Dataset entries ->
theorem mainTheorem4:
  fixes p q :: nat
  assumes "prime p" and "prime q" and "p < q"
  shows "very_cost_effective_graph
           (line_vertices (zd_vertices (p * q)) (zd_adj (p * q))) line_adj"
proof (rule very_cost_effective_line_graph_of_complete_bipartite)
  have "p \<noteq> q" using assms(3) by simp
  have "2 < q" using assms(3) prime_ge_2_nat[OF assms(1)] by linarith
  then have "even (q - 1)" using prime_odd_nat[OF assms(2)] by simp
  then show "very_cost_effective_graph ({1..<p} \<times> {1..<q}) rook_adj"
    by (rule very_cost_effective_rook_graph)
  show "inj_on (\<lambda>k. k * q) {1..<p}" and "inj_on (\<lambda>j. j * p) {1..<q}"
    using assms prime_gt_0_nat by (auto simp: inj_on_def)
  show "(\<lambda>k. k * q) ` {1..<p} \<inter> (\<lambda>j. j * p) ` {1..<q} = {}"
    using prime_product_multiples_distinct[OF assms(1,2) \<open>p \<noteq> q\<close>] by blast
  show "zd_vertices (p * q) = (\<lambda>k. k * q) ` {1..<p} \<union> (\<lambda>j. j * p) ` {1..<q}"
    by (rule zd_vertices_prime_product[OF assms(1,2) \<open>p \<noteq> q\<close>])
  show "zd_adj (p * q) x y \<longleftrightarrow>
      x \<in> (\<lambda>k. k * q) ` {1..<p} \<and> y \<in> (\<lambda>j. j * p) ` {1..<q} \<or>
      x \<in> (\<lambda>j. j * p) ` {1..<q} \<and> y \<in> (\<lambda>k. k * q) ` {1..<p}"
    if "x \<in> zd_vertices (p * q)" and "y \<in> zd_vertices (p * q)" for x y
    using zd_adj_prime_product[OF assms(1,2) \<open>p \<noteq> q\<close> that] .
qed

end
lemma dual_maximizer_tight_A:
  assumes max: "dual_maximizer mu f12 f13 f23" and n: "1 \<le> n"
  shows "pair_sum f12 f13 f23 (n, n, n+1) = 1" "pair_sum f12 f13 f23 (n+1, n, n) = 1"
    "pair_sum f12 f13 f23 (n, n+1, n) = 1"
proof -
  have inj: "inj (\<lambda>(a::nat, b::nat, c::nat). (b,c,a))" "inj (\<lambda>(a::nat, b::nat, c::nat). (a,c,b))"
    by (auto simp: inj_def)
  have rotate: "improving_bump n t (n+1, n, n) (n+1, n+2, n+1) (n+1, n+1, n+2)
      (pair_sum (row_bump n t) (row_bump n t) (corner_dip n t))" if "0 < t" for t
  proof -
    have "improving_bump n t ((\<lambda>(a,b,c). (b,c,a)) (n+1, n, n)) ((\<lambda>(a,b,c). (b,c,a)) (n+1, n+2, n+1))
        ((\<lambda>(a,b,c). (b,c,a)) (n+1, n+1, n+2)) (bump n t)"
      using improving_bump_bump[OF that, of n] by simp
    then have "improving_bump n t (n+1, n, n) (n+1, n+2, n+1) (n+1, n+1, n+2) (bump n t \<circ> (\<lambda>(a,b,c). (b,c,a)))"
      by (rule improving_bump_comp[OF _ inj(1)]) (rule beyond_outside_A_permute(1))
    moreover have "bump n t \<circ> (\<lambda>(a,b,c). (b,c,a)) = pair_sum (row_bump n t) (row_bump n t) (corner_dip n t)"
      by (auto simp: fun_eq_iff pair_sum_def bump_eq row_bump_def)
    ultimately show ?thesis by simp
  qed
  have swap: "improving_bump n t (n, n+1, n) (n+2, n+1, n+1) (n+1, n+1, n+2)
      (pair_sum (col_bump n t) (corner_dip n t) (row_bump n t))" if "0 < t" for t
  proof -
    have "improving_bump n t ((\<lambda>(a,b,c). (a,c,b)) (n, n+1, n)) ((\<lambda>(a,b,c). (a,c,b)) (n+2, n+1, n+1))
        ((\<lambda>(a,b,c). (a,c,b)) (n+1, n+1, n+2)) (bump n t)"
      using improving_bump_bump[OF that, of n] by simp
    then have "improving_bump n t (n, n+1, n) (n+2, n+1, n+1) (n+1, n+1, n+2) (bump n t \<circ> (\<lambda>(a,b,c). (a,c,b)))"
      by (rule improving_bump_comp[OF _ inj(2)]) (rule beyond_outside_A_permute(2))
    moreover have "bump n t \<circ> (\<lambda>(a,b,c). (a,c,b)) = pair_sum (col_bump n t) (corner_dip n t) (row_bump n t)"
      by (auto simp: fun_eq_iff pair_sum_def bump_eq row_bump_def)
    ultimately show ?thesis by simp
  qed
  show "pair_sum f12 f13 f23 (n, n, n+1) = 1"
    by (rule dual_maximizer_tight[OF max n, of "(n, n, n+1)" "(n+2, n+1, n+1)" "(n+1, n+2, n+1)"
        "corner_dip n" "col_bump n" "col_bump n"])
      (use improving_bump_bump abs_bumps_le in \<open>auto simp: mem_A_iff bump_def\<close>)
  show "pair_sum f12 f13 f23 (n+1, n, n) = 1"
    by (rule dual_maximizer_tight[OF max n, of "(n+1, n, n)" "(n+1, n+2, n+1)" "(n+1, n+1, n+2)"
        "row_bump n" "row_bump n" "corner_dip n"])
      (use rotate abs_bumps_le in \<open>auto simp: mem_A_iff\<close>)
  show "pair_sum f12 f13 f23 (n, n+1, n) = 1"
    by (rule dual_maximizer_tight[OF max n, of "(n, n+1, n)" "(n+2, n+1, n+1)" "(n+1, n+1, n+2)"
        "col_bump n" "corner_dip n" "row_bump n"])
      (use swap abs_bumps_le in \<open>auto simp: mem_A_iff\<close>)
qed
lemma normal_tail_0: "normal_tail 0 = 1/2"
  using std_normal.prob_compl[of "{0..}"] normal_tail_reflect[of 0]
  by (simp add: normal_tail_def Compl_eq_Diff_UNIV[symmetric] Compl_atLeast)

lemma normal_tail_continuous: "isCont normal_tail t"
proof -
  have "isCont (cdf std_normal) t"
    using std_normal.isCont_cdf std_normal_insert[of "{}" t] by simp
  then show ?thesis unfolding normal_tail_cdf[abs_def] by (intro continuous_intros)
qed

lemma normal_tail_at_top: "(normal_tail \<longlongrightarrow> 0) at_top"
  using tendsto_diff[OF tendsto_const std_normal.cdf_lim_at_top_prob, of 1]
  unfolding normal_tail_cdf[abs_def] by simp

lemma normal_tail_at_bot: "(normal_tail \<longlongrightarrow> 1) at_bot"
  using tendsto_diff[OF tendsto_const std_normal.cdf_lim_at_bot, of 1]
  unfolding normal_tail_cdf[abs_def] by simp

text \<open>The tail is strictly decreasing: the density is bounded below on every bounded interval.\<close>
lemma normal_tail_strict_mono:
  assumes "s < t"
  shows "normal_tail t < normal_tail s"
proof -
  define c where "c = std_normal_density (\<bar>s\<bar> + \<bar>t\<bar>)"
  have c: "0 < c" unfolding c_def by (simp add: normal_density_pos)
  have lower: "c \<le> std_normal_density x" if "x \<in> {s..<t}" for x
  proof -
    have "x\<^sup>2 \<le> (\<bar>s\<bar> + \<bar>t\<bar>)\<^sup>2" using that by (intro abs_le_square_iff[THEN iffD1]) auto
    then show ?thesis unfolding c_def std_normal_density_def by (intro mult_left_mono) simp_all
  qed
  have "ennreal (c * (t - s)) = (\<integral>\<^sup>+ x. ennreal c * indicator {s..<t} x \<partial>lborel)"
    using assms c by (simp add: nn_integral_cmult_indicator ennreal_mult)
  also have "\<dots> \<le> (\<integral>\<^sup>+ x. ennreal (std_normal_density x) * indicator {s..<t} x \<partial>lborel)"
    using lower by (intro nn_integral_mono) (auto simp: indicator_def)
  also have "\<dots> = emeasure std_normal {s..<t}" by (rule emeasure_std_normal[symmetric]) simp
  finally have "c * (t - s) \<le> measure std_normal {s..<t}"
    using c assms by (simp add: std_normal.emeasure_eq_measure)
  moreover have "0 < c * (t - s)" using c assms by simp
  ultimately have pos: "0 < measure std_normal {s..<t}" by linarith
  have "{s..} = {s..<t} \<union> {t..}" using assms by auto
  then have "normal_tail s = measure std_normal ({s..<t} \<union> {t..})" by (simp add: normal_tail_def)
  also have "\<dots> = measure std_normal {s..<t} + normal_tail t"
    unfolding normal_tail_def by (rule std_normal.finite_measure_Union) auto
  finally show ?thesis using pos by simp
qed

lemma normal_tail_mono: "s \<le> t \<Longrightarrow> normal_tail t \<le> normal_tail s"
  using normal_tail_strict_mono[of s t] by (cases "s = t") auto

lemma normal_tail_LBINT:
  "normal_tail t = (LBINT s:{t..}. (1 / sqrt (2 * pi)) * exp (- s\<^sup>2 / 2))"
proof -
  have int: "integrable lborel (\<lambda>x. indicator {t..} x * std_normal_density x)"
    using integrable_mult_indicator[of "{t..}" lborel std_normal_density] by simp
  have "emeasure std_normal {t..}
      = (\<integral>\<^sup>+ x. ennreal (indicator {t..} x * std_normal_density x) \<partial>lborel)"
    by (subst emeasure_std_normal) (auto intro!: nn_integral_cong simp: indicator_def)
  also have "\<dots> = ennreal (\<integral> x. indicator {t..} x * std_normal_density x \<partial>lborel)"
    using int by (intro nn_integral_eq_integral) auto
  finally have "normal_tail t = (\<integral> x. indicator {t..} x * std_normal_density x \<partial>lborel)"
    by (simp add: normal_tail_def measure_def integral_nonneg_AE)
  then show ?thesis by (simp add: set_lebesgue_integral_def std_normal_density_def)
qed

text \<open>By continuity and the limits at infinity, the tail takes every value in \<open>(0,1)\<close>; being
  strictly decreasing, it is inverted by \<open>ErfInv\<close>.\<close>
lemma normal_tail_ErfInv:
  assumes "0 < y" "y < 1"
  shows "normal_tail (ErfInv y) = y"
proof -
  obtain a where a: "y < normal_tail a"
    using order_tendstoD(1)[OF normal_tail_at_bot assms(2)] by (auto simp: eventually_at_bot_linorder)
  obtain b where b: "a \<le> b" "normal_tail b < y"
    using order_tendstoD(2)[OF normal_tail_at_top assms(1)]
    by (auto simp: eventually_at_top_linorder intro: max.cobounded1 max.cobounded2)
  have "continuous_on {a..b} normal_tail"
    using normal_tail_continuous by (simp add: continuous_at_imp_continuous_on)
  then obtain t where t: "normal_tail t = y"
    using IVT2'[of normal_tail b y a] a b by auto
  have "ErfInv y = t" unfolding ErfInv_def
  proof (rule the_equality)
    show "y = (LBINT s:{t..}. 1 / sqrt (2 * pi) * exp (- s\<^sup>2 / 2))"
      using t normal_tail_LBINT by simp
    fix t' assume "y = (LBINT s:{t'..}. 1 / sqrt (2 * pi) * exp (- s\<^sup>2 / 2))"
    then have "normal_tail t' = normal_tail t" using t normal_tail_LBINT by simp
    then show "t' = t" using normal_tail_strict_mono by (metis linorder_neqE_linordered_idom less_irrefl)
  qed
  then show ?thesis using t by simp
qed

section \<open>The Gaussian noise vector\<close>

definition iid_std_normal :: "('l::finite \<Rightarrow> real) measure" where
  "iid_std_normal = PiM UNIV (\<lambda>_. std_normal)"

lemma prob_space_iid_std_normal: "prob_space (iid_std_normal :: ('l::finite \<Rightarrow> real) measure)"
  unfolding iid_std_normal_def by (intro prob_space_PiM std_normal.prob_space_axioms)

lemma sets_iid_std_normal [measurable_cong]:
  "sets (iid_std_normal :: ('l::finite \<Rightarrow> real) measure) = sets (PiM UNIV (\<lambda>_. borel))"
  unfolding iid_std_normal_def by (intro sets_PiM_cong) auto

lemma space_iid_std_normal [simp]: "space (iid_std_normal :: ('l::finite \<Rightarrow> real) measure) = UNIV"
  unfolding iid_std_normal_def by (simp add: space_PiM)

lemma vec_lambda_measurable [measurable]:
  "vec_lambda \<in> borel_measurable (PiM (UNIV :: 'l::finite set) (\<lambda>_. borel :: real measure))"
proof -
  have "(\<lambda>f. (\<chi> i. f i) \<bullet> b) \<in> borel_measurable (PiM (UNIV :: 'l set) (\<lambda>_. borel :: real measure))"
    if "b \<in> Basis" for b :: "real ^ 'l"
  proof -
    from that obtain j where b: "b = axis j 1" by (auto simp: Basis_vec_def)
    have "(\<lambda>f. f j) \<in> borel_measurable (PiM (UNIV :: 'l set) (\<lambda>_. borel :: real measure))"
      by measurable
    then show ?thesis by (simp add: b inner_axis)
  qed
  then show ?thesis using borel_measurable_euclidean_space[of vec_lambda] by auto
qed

Directions -> Extract the lines above, from the first one through the one containing "q) = (\<lambda>k.", and return only those, unchanged.

Written answer ->
theorem mainTheorem4:
  fixes p q :: nat
  assumes "prime p" and "prime q" and "p < q"
  shows "very_cost_effective_graph
           (line_vertices (zd_vertices (p * q)) (zd_adj (p * q))) line_adj"
proof (rule very_cost_effective_line_graph_of_complete_bipartite)
  have "p \<noteq> q" using assms(3) by simp
  have "2 < q" using assms(3) prime_ge_2_nat[OF assms(1)] by linarith
  then have "even (q - 1)" using prime_odd_nat[OF assms(2)] by simp
  then show "very_cost_effective_graph ({1..<p} \<times> {1..<q}) rook_adj"
    by (rule very_cost_effective_rook_graph)
  show "inj_on (\<lambda>k. k * q) {1..<p}" and "inj_on (\<lambda>j. j * p) {1..<q}"
    using assms prime_gt_0_nat by (auto simp: inj_on_def)
  show "(\<lambda>k. k * q) ` {1..<p} \<inter> (\<lambda>j. j * p) ` {1..<q} = {}"
    using prime_product_multiples_distinct[OF assms(1,2) \<open>p \<noteq> q\<close>] by blast
  show "zd_vertices (p * q) = (\<lambda>k. k * q) ` {1..<p} \<union> (\<lambda>j. j * p) ` {1..<q}"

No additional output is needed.